Krimel,
You put forth a well oriented argument, one that
has me pondering about the need for levels, but as you
will see below I do have one issue, the moral issue,
which seems to stir a value with these levels still.
I don't know enough about Kant, but I'm familiar
with what aprior knowledge is, at least, enough to
have some inclining as to what it means, but not
enough to take the next step and answer, could the
knowing of inorganic, organic, social, and
intellectual (as well as dynamic quality) be aprior
knowledge? Pirsig does say quality is known when
quality is seen. Now maybe this recognition doesn't
have to be within the human mind only, but this
recognition could be all at once in the mind and 'out
there' (a kind of recognition that is the same as when
Buddha was enlightened all the universe was
enlightened at the same moment). Yet still, does the
'know quality when seen' mean a certain aprior
knowledge is occurring? The levels are quality,
quality in levels, but still quality. If so, then
does history argue over the 'know quality when seen'
argument due to these levels were innovations of
Pirsig. Sure quality can be 'known when seen', but
these levels could be another cultural outcome where
Pirsig's experience (his education background, etc...)
influence the level outcome.
What do you think Krimel? I'm open to discussion
on this due to I don't see the levels as a stomping
ground and a battlefield, such as what makes the
intellectual distinct from social, etc... Though I've
been explicit that if one desires to go such a route
and find distinction, then that's their choice, a
choice that may be fruitful, but still unending
difficult and from personal experience the question of
it's worth began to creep into my mind.
There is one distinction that I see the levels
being very upfront and clear in showing. The levels
show morals. Zen is very moral, but as it has been
perceived as a quietism practice where thoughts are
supposed to disappear even by some practitioners,
thus, Huineng (the sixth patriarch) found the
improvisational need of his day was to dispel this
falsehood and point out that Zen practitioners do
think. So, just as this was an argument a Zen
practitioner had to give in his commentaries (the
Diamond Sutra, etc...), so did Zen practitioners find
a need to demonstrate and comment upon the skillful
moral compass of Zen. Are the levels a way for the
moq to survive any false attempts that may try to say
the moq is immoral? Thus, one reason I see for the
level system as valuable. What do you think?
> [David M]
> Not sure what your problem is with levels.

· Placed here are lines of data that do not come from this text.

lemma inj_on_Gtensor_Sigma:
  assumes "\<And>a b. (a, b) \<in> I \<Longrightarrow> 0 \<le> a \<and> 0 \<le> b \<and> a + b = L"
  shows "inj_on (\<lambda>((a, b), (p, q)). Gtensor a l1 b p q) (SIGMA (a, b):I. Gmor a l1 \<times> Gmor b l2)"
proof (rule inj_onI)
  fix z z' assume z: "z \<in> (SIGMA (a, b):I. Gmor a l1 \<times> Gmor b l2)"
    and z': "z' \<in> (SIGMA (a, b):I. Gmor a l1 \<times> Gmor b l2)"
    and eq: "(\<lambda>((a, b), (p, q)). Gtensor a l1 b p q) z = (\<lambda>((a, b), (p, q)). Gtensor a l1 b p q) z'"
  obtain a b p q a' b' p' q' where zz: "z = ((a, b), (p, q))" "z' = ((a', b'), (p', q'))"
    by (cases z, cases z') auto
  then have I: "(a, b) \<in> I" "(a', b') \<in> I"
    and Gmor: "p \<in> Gmor a l1" "q \<in> Gmor b l2" "p' \<in> Gmor a' l1" "q' \<in> Gmor b' l2"
    using z z' by auto
  have "0 \<le> a" "0 \<le> b" "0 \<le> a'" "0 \<le> b'" "a + b = a' + b'"
    using assms[OF I(1)] assms[OF I(2)] by auto
  moreover have "Gtensor a l1 b p q = Gtensor a' l1 b' p' q'"
    using eq zz by simp
  ultimately have "a = a' \<and> p = p' \<and> q = q'"
    using Gtensor_inject[OF Gmor] by blast
  then show "z = z'"
    using zz \<open>a + b = a' + b'\<close> by simp
qed

lemma image_Gtensor_summand:
  assumes "0 \<le> a" "a \<le> L"
  shows "(\<lambda>((a, b), (p, q)). Gtensor a l1 b p q) ` (Pair (a, L - a) ` (Gmor a l1 \<times> Gmor (L - a) l2))
    = {psi \<in> Gmor L (l1 + l2). psi a = l1}"
  using image_Gtensor[of a "L - a" l1 l2] assms by (simp add: image_image case_prod_beta')
definition grad :: "(real^'d \<Rightarrow> real) \<Rightarrow> real^'d \<Rightarrow> real^'d" where
  "grad f \<theta> = (\<chi> k. frechet_derivative f (at \<theta>) (axis k 1))"

end

theory Submission
  imports Defs
begin

text \<open>Differentiating the fixed-point equation \<open>\<eta> = \<Pi>\<^sub>C\<T>\<^sup>\<pi>\<eta>\<close> by the product rule shows that
  \<open>W s = \<nabla>\<^sub>\<theta>\<eta>\<^sup>s\<close> solves the affine Bellman-type equation
  \<open>W s = g\<^sub>N s + \<Sigma>\<^sub>a \<pi>(a|s) \<Pi>\<^sub>C(b\<^sub>C\<^sub>(\<^sub>s\<^sub>,\<^sub>a\<^sub>)\<^sub>,\<^sub>\<gamma>)\<^sub># \<Sigma>\<^sub>s\<^sub>' P(s'|s,a) W s'\<close>.
  The operator \<open>\<Pi>\<^sub>C(b\<^sub>c\<^sub>,\<^sub>\<gamma>)\<^sub>#\<close> is a \<open>\<gamma>\<close>-contraction for the Cram\'er (\<open>\<ell>\<^sub>1\<close>-CDF) seminorm
  on signed measures of total mass zero, and all differences occurring here have mass zero
  (gradients of probability weights). Hence the iterates of this equation started at \<open>g\<^sub>N\<close>
  converge geometrically to \<open>W\<close>; by the Markov property the \<open>n\<close>-th iterate is the expectation
  of the trajectory sum truncated after \<open>n\<close> terms, and dominated convergence (the terms are
  bounded by a multiple of \<open>\<gamma>\<^sup>t\<close>) moves the limit inside the expectation. The same
  contraction also gives existence and uniqueness of \<open>\<eta>\<^sub>N\<^sub>,\<^sub>\<infinity>\<close>.\<close>

section \<open>Projection onto the grid\<close>

definition clip01 :: "real \<Rightarrow> real" where
  "clip01 x = max 0 (min 1 x)"

lemma sum_clip01_shift:
  "(\<Sum>k\<in>{1..n}. clip01 (real k - u)) = max 0 (min (real n) (real n - u))"
proof (induction n)
  case (Suc n)
  have "(\<Sum>k\<in>{1..Suc n}. clip01 (real k - u))
      = max 0 (min (real n) (real n - u)) + clip01 (real n + 1 - u)"
    using Suc by (simp add: add.commute)
  also have "\<dots> = max 0 (min (real (Suc n)) (real (Suc n) - u))"
    by (simp add: clip01_def max_def min_def)
  finally show ?case .
qed simp

lemma sum_two_deltas:
  "(\<Sum>j\<in>{1..k}. if j = i then a else if j = Suc i then b else (0::real))
     = (if i \<in> {1..k} then a else 0) + (if Suc i \<in> {1..k} then b else 0)"
proof -
  have "(\<Sum>j\<in>{1..k}. if j = i then a else if j = Suc i then b else (0::real))
     = (\<Sum>j\<in>{1..k}. (if j = i then a else 0) + (if j = Suc i then b else 0))"
    by (intro sum.cong) auto
  then show ?thesis
    by (simp add: sum.distrib)
qed

lemma abel_summation:
  fixes w :: "nat \<Rightarrow> 'v::real_vector"
  shows "(\<Sum>k\<in>{1..n}. h k *\<^sub>R w k) = h n *\<^sub>R (\<Sum>j\<in>{1..n}. w j)
          - (\<Sum>k<n. (h (Suc k) - h k) *\<^sub>R (\<Sum>j\<in>{1..k}. w j))"
  by (induction n) (simp_all add: algebra_simps)

locale grid =
  fixes N :: nat and zmin zmax \<gamma> :: real
  assumes N_ge_2: "N \<ge> 2" and zmin_less_zmax: "zmin < zmax"
    and gamma_nonneg: "0 \<le> \<gamma>" and gamma_less_1: "\<gamma> < 1"
begin

abbreviation z :: "nat \<Rightarrow> real" where
  "z \<equiv> zgrid N zmin zmax"

definition dz :: real where
  "dz = (zmax - zmin) / (real N - 1)"

lemma dz_pos: "dz > 0"
  using N_ge_2 zmin_less_zmax by (simp add: dz_def)

lemma zgrid_eq: "z k = zmin + (real k - 1) * dz"
  by (simp add: zgrid_def dz_def)

lemma zgrid_Suc: "z (Suc k) = z k + dz"
  by (simp add: zgrid_eq algebra_simps)

lemma zgrid_mono: "i \<le> j \<Longrightarrow> z i \<le> z j"
  using dz_pos by (simp add: zgrid_eq mult_right_mono)

lemma zgrid_1: "z (Suc 0) = zmin"
  by (simp add: zgrid_eq)

lemma proj_dirac_below: "y \<le> z 1 \<Longrightarrow> proj_dirac N zmin zmax y j = (if j = 1 then 1 else 0)"
  by (simp add: proj_dirac_def)

lemma proj_dirac_above: "z N < y \<Longrightarrow> proj_dirac N zmin zmax y j = (if j = N then 1 else 0)"
proof -
  assume "z N < y"
  moreover have "z 1 \<le> z N"
    using N_ge_2 by (intro zgrid_mono) auto
  ultimately show ?thesis
    by (simp add: proj_dirac_def)
qed

lemma proj_dirac_between:
  assumes i: "1 \<le> i" "i < N" and y: "z i < y" "y \<le> z (Suc i)"
  shows "proj_dirac N zmin zmax y j =
     (if j = i then (z (Suc i) - y) / dz else if j = Suc i then (y - z i) / dz else 0)"
proof -
  have "z 1 \<le> z i" "z (Suc i) \<le> z N"
    using i by (auto intro: zgrid_mono)
  then have not_outside: "\<not> y \<le> z 1" "\<not> z N < y"
    using y by auto
  have cell_unique: "(z i' < y \<and> y \<le> z (Suc i')) \<longleftrightarrow> i' = i" for i'
  proof
    assume cell: "z i' < y \<and> y \<le> z (Suc i')"
    have False if "Suc i' \<le> i"
      using zgrid_mono[OF that] cell y by auto
    moreover have False if "Suc i \<le> i'"
      using zgrid_mono[OF that] cell y by auto
    ultimately show "i' = i"
      by (metis Suc_leI linorder_neqE_nat)
  qed (use y in auto)
  have width: "z (Suc i) - z i = dz"
    by (simp add: zgrid_Suc)
  have "proj_dirac N zmin zmax y j = (\<Sum>i'\<in>{1..<N}. if i' = i then
              (if j = i then (z (Suc i) - y) / dz
               else if j = Suc i then (y - z i) / dz else 0) else 0)"
    unfolding proj_dirac_def Let_def using not_outside
    by (simp only: if_False cell_unique width) (intro sum.cong refl, auto simp: width)
  also have "\<dots> = (if j = i then (z (Suc i) - y) / dz else if j = Suc i then (y - z i) / dz else 0)"
    using i by simp
  finally show ?thesis .
qed

lemma grid_cell_exists:
  assumes "z 1 < y" "y \<le> z N"
  shows "\<exists>i. 1 \<le> i \<and> i < N \<and> z i < y \<and> y \<le> z (Suc i)"
proof -
  define r where "r = (y - zmin) / dz"
  define i where "i = nat \<lceil>r\<rceil>"
  have r_pos: "r > 0"
    using assms dz_pos by (simp add: r_def zgrid_1)
  have "y - zmin \<le> (real N - 1) * dz"
    using assms(2) by (simp add: zgrid_eq)
  then have "r \<le> real N - 1"
    using dz_pos by (simp add: r_def field_simps)
  then have "\<lceil>r\<rceil> \<le> int N - 1"
    using ceiling_le[of r "int N - 1"] by simp
  moreover have i_ceiling: "real i = of_int \<lceil>r\<rceil>"
    using r_pos by (simp add: i_def)
  ultimately have "1 \<le> i" "i < N" "r \<le> real i" "real i < r + 1"
    using r_pos by linarith+
  moreover have "y = zmin + r * dz"
    using dz_pos by (simp add: r_def)
  ultimately show ?thesis
    using dz_pos by (auto simp: zgrid_eq intro!: exI[of _ i] mult_strict_right_mono mult_right_mono)
qed

lemma grid_cases:
  obtains (below) "y \<le> z 1" | (above) "z N < y"
    | (between) i where "1 \<le> i" "i < N" "z i < y" "y \<le> z (Suc i)"
  using grid_cell_exists by (metis not_le)
lemma exp_neg_inv_has_derivative:
  "(exp_neg_inv n has_real_derivative exp_neg_inv (n + 2) t - real n * exp_neg_inv (n + 1) t) (at t)"
proof (cases t "0::real" rule: linorder_cases)
  case less
  have "((\<lambda>t. 0) has_real_derivative exp_neg_inv (n + 2) t - real n * exp_neg_inv (n + 1) t) (at t)"
    using less by (simp add: exp_neg_inv_def)
  then show ?thesis
    by (rule has_field_derivative_transform_within_open[where S="{..<0}"])
      (use less in \<open>auto simp: exp_neg_inv_def\<close>)
next
  case greater
  have "((\<lambda>t. exp (- 1 / t) / t ^ n) has_real_derivative
          exp_neg_inv (n + 2) t - real n * exp_neg_inv (n + 1) t) (at t)"
    using greater
    by (auto intro!: derivative_eq_intros simp: exp_neg_inv_def, cases n, auto simp: field_simps power2_eq_square)
  then show ?thesis
    by (rule has_field_derivative_transform_within_open[where S="{0<..}"])
      (use greater in \<open>auto simp: exp_neg_inv_def\<close>)
next
  case equal
  have "((\<lambda>y. (exp_neg_inv n y - exp_neg_inv n 0) / (y - 0)) \<longlongrightarrow> 0) (at 0)"
  proof (rule filterlim_split_at)
    show "((\<lambda>y. (exp_neg_inv n y - exp_neg_inv n 0) / (y - 0)) \<longlongrightarrow> 0) (at_left 0)"
      by (rule Lim_transform_eventually[OF tendsto_const], intro eventually_at_leftI[where a="-1"])
        (auto simp: exp_neg_inv_def)
    show "((\<lambda>y. (exp_neg_inv n y - exp_neg_inv n 0) / (y - 0)) \<longlongrightarrow> 0) (at_right 0)"
      by (rule Lim_transform_eventually[OF tendsto_exp_neg_inv_at_right_0[of "Suc n"]],
          intro eventually_at_rightI[where b=1])
        (auto simp: exp_neg_inv_def field_simps)
  qed
  then show ?thesis
    using equal by (simp add: has_field_derivative_iff exp_neg_inv_def)
qed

> They have an evolutionary role to play at least.
>
> So that the intellectual-individual emerges from
> the social level, the social level from the
> biological and the biological from the inorganic
> through increasing organisation.
>
> I would suggest that each big level is made up of
> many
> smaller ones. EG the inorganic has photons,
> particles,
> atoms, molecules at least. Many forms of level with
> different
> levels of complexity, same for societies and for
> individuated
> people and their ideas.
>
> [Krimel]
> Ok, look at it from an evolutionary point of view
> for a second. After all
> Evolution is a TOE if ever there is going to be one.
> Evolution focuses on
> relationships that change over time. A relationship
> is a pattern of
> interaction, of sameness and/or difference between
> discrete things over
> time.
>
> If a pattern is consistent and invariant over time
> that is, if it has static
> quality, it is predictable. It is a reduction in
> uncertainty. As patterns
> pile up, uncertainty (DQ) has to seek ever more
> clever places to hide. In
> the depths of outer space there are fixed patterns
> of stars emitting
> particles that stream outward in more or less
> straight lines. Fixed, mostly
> invariant patterns with very little interaction and
> hardly any new patterns
> forming.
>
> If you set the controls for the heart of the sun,
> you find immense
> concentrations of particles and energies. Even
> patterns like "atom" and
> "molecule" can not form and static patterns are
> limited to plasma storms and
> streams and shifts in color.
>
> In stars it is tooooo Dynamic and space it is
> toooooo Static, in a
> Goldilocks Zone like Earth it is just right for
> pattern formation. Not only
> patterns, but patterns of patterns of patterns of
> interaction. We exist in a
> space, in time, where static patterns can be
> sustained, interact and even
> replicate themselves. It is certainly possible to
> speak of layers of
> patterns in terms of relative consistency or
> stability over time. The
> inorganic layer has the lowest rate of change. But
> properties of the
> inorganic layer create sufficient static quality for
> inorganic interaction
> to assume a new character. Call it chemistry.
> Sustained relationships that
> can interact in new patterns. Atoms interacting and
> combining and
> interacting in combination.
>
> Stabile inorganic patterns allow for patterns of
> interaction at higher
> levels of complexity. The properties of carbon for
> example at this place and
> this time, allow multiple configurations and
> multiple kinds of interactions.
> Incredible numbers and incredible possibilities over
> incredible spans of
> time. Call it biology. And so it goes.
>
> Skipping lots of gruesome details... For life forms,
> stability over time is
> enhanced by pattern recognition. Single celled
> organisms can be attracted or
> repelled from patterns of light and darkness or
> patterns of chemistry in
> their environments. These are in effect streams of
> probability. For plants
> the sidereal and annual patterns are key. For
> animals these are compounded
> to the point that complex pattern recognition is
> vital. At lower levels of
> the animal kingdom purely sensory patterns will do
> and inborn systems of
> pattern recognition will suffice.
>
> Higher order animals have increased brain size in
> relation to body mass.
> This increase in volume translates into the ability
> to recognize
> increasingly complex patterns of stasis and flux.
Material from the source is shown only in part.